(* Let $R=(\mathbb{C},\mathbb{C}^4,\mathbb{C};u_0,\dots,u_3,v_0,\dots,v_3)$ be a representation of $\mathbf{Q}$ with dimension vector $(1,4,1)$. If $R$ is globally injective, then $R$ is not locally surjective if and only if $R$ has a subrepresentation of dimension vector $(1,b,0)$ for some $b\in\{0,1,2,3,4\}$. If $R$ is globally surjective, then $R$ is not locally injective if and only if $R$ has a subrepresentation of dimension vector $(1,b,0)$ for some $b\in\{0,1,2,3,4\}$.
   Context: The quiver $\mathbf{Q}$ has vertices $-1,0,1$, arrows $\eta_0,\dots,\eta_3:-1\to0$, $\phi_0,\dots,\phi_3:0\to1$ and relations $\phi_i\eta_j+\phi_j\eta_i=0$; a representation consists of vector spaces $V_{-1},V_0,V_1$ and linear maps $u_i:V_{-1}\to V_0$, $v_i:V_0\to V_1$ with $v_iu_j+v_ju_i=0$. $R$ is globally injective (resp. surjective) if $\sum\lambda_iu_i$ is injective (resp. $\sum\lambda_iv_i$ is surjective) for all $\lambda\in\mathbb{C}^4\setminus\{0\}$; locally injective (resp. surjective) if this holds for all $[\lambda]\in\mathbb{P}^3$ outside a closed subset of codimension at least 2. *)

theory Defs
  imports "HOL-Analysis.Analysis"
begin

text \<open>The arrow eta_i is represented by the
  vector u i (the linear map C -> C^4, t |-> t u_i) and the arrow phi_i by the
  covector v i (the linear map C^4 -> C, x |-> sum_k (v i)_k x_k).\<close>

definition umap :: "complex^4 \<Rightarrow> complex \<Rightarrow> complex^4" where
  "umap w t = t *s w"

definition vmap :: "complex^4 \<Rightarrow> complex^4 \<Rightarrow> complex" where
  "vmap w x = (\<Sum>k\<in>UNIV. w $ k * x $ k)"

definition is_rep :: "(4 \<Rightarrow> complex^4) \<Rightarrow> (4 \<Rightarrow> complex^4) \<Rightarrow> bool" where
  "is_rep u v \<longleftrightarrow> (\<forall>i j t. vmap (v i) (umap (u j) t) + vmap (v j) (umap (u i) t) = 0)"

definition lam_u :: "(4 \<Rightarrow> complex^4) \<Rightarrow> complex^4 \<Rightarrow> complex \<Rightarrow> complex^4" where
  "lam_u u l t = (\<Sum>i\<in>UNIV. l $ i *s umap (u i) t)"

definition lam_v :: "(4 \<Rightarrow> complex^4) \<Rightarrow> complex^4 \<Rightarrow> complex^4 \<Rightarrow> complex" where
  "lam_v v l x = (\<Sum>i\<in>UNIV. l $ i * vmap (v i) x)"

definition globally_injective where
  "globally_injective u \<longleftrightarrow> (\<forall>l. l \<noteq> 0 \<longrightarrow> inj (lam_u u l))"

definition globally_surjective where
  "globally_surjective v \<longleftrightarrow> (\<forall>l. l \<noteq> 0 \<longrightarrow> surj (lam_v v l))"

definition poly_fun :: "(complex^4 \<Rightarrow> complex) \<Rightarrow> bool" where
  "poly_fun f \<longleftrightarrow> (\<exists>A c. finite A \<and>
     (\<forall>x. f x = (\<Sum>\<alpha>\<in>A. c \<alpha> * (\<Prod>i\<in>UNIV. (x $ i) ^ (\<alpha> i)))))"

definition zclosed :: "(complex^4) set \<Rightarrow> bool" where
  "zclosed Z \<longleftrightarrow> (\<exists>F. (\<forall>f\<in>F. poly_fun f) \<and> Z = {x. \<forall>f\<in>F. f x = 0})"

text \<open>Cones: closed subsets of P^3 correspond to Zariski closed cones in C^4.\<close>
definition is_cone :: "(complex^4) set \<Rightarrow> bool" where
  "is_cone Z \<longleftrightarrow> (\<forall>x\<in>Z. \<forall>c. c *s x \<in> Z)"

definition zirreducible :: "(complex^4) set \<Rightarrow> bool" where
  "zirreducible Y \<longleftrightarrow> Y \<noteq> {} \<and>
     (\<forall>Y1 Y2. zclosed Y1 \<longrightarrow> zclosed Y2 \<longrightarrow> Y \<subseteq> Y1 \<union> Y2 \<longrightarrow> Y \<subseteq> Y1 \<or> Y \<subseteq> Y2)"

definition kdim_le :: "(complex^4) set \<Rightarrow> nat \<Rightarrow> bool" where
  "kdim_le Z d \<longleftrightarrow> \<not> (\<exists>Y. (\<forall>k\<le>Suc d. zclosed (Y k) \<and> zirreducible (Y k) \<and> Y k \<subseteq> Z)
       \<and> (\<forall>k<Suc d. Y k \<subset> Y (Suc k)))"

text \<open>A closed subset of P^3 of codimension at least 2 (projective dimension
  at most 1) = a Zariski closed cone in C^4 of (affine) dimension at most 2.\<close>
definition codim2_closed :: "(complex^4) set \<Rightarrow> bool" where
  "codim2_closed Z \<longleftrightarrow> zclosed Z \<and> is_cone Z \<and> kdim_le Z 2"

definition locally_injective where
  "locally_injective u \<longleftrightarrow>
     (\<exists>Z. codim2_closed Z \<and> (\<forall>l. l \<noteq> 0 \<longrightarrow> l \<notin> Z \<longrightarrow> inj (lam_u u l)))"

definition locally_surjective where
  "locally_surjective v \<longleftrightarrow>
     (\<exists>Z. codim2_closed Z \<and> (\<forall>l. l \<noteq> 0 \<longrightarrow> l \<notin> Z \<longrightarrow> surj (lam_v v l)))"

text \<open>Subrepresentation of dimension vector (1,b,0): W_{-1} = C,
  W_0 a b-dimensional subspace of C^4, W_1 = 0, stable under all arrows.\<close>
definition has_subrep_1b0 :: "(4 \<Rightarrow> complex^4) \<Rightarrow> (4 \<Rightarrow> complex^4) \<Rightarrow> nat \<Rightarrow> bool" where
  "has_subrep_1b0 u v b \<longleftrightarrow> (\<exists>W. vec.subspace W \<and> vec.dim W = b \<and>
     (\<forall>i t. umap (u i) t \<in> W) \<and> (\<forall>i. \<forall>x\<in>W. vmap (v i) x = 0))"

end

theory Submission
  imports Defs "Subresultants.Subresultant_Gcd" "HOL-Computational_Algebra.Field_as_Ring"
begin

(* Let M i j = vmap (v i) (u j). The relations say exactly that M is antisymmetric, and a
   subrepresentation of dimension vector (1,b,0) exists iff M = 0 (take W = span of the u_i).
   If M a b \<noteq> 0, then sum_i l_i u_i = 0, and by antisymmetry also sum_i l_i v_i = 0, forces
   sum_i M a i l_i = sum_i M b i l_i = 0. These two forms are independent, so their common kernel
   is a plane, i.e. a line in P^3, and R is locally injective and locally surjective.
   If M = 0 and the u_i are independent, they span C^4, so all v_i vanish and no sum_i l_i v_i
   is surjective: the exceptional set would be all of P^3.
   As vmap is symmetric, the second half is the first with u and v exchanged.
   The algebraic geometry needed is that a plane has Krull dimension at most 2: by a resultant
   argument, a proper closed subset of an irreducible proper closed subset of the plane has
   finitely many values of each coordinate, hence is finite, hence at most a point. *)

no_notation Matrix.vec_index (infixl "$" 100)

section \<open>Polynomial functions on C^4\<close>

definition monomial :: "(4 \<Rightarrow> nat) \<Rightarrow> complex^4 \<Rightarrow> complex" where
  "monomial \<alpha> x = (\<Prod>i\<in>UNIV. (x $ i) ^ \<alpha> i)"

lemma poly_fun_iff_monomials:
  "poly_fun f \<longleftrightarrow> (\<exists>A c. finite A \<and> (\<forall>x. f x = (\<Sum>\<alpha>\<in>A. c \<alpha> * monomial \<alpha> x)))"
  unfolding poly_fun_def monomial_def ..

lemma poly_fun_intro:
  "finite A \<Longrightarrow> (\<And>x. f x = (\<Sum>\<alpha>\<in>A. c \<alpha> * monomial \<alpha> x)) \<Longrightarrow> poly_fun f"
  unfolding poly_fun_iff_monomials by blast

lemma poly_fun_const: "poly_fun (\<lambda>x. k)"
  unfolding poly_fun_iff_monomials
  by (intro exI[of _ "{\<lambda>_. 0}"] exI[of _ "\<lambda>_. k"]) (simp add: monomial_def)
• • • •
* _Directions for this task_
Check each line of the data for "zclosed". Copy the lines where it turns up.

* _Written answer_
definition zclosed :: "(complex^4) set \<Rightarrow> bool" where
  "zclosed Z \<longleftrightarrow> (\<exists>F. (\<forall>f\<in>F. poly_fun f) \<and> Z = {x. \<forall>f\<in>F. f x = 0})"
     (\<forall>Y1 Y2. zclosed Y1 \<longrightarrow> zclosed Y2 \<longrightarrow> Y \<subseteq> Y1 \<union> Y2 \<longrightarrow> Y \<subseteq> Y1 \<or> Y \<subseteq> Y2)"
  "kdim_le Z d \<longleftrightarrow> \<not> (\<exists>Y. (\<forall>k\<le>Suc d. zclosed (Y k) \<and> zirreducible (Y k) \<and> Y k \<subseteq> Z)
  "codim2_closed Z \<longleftrightarrow> zclosed Z \<and> is_cone Z \<and> kdim_le Z 2"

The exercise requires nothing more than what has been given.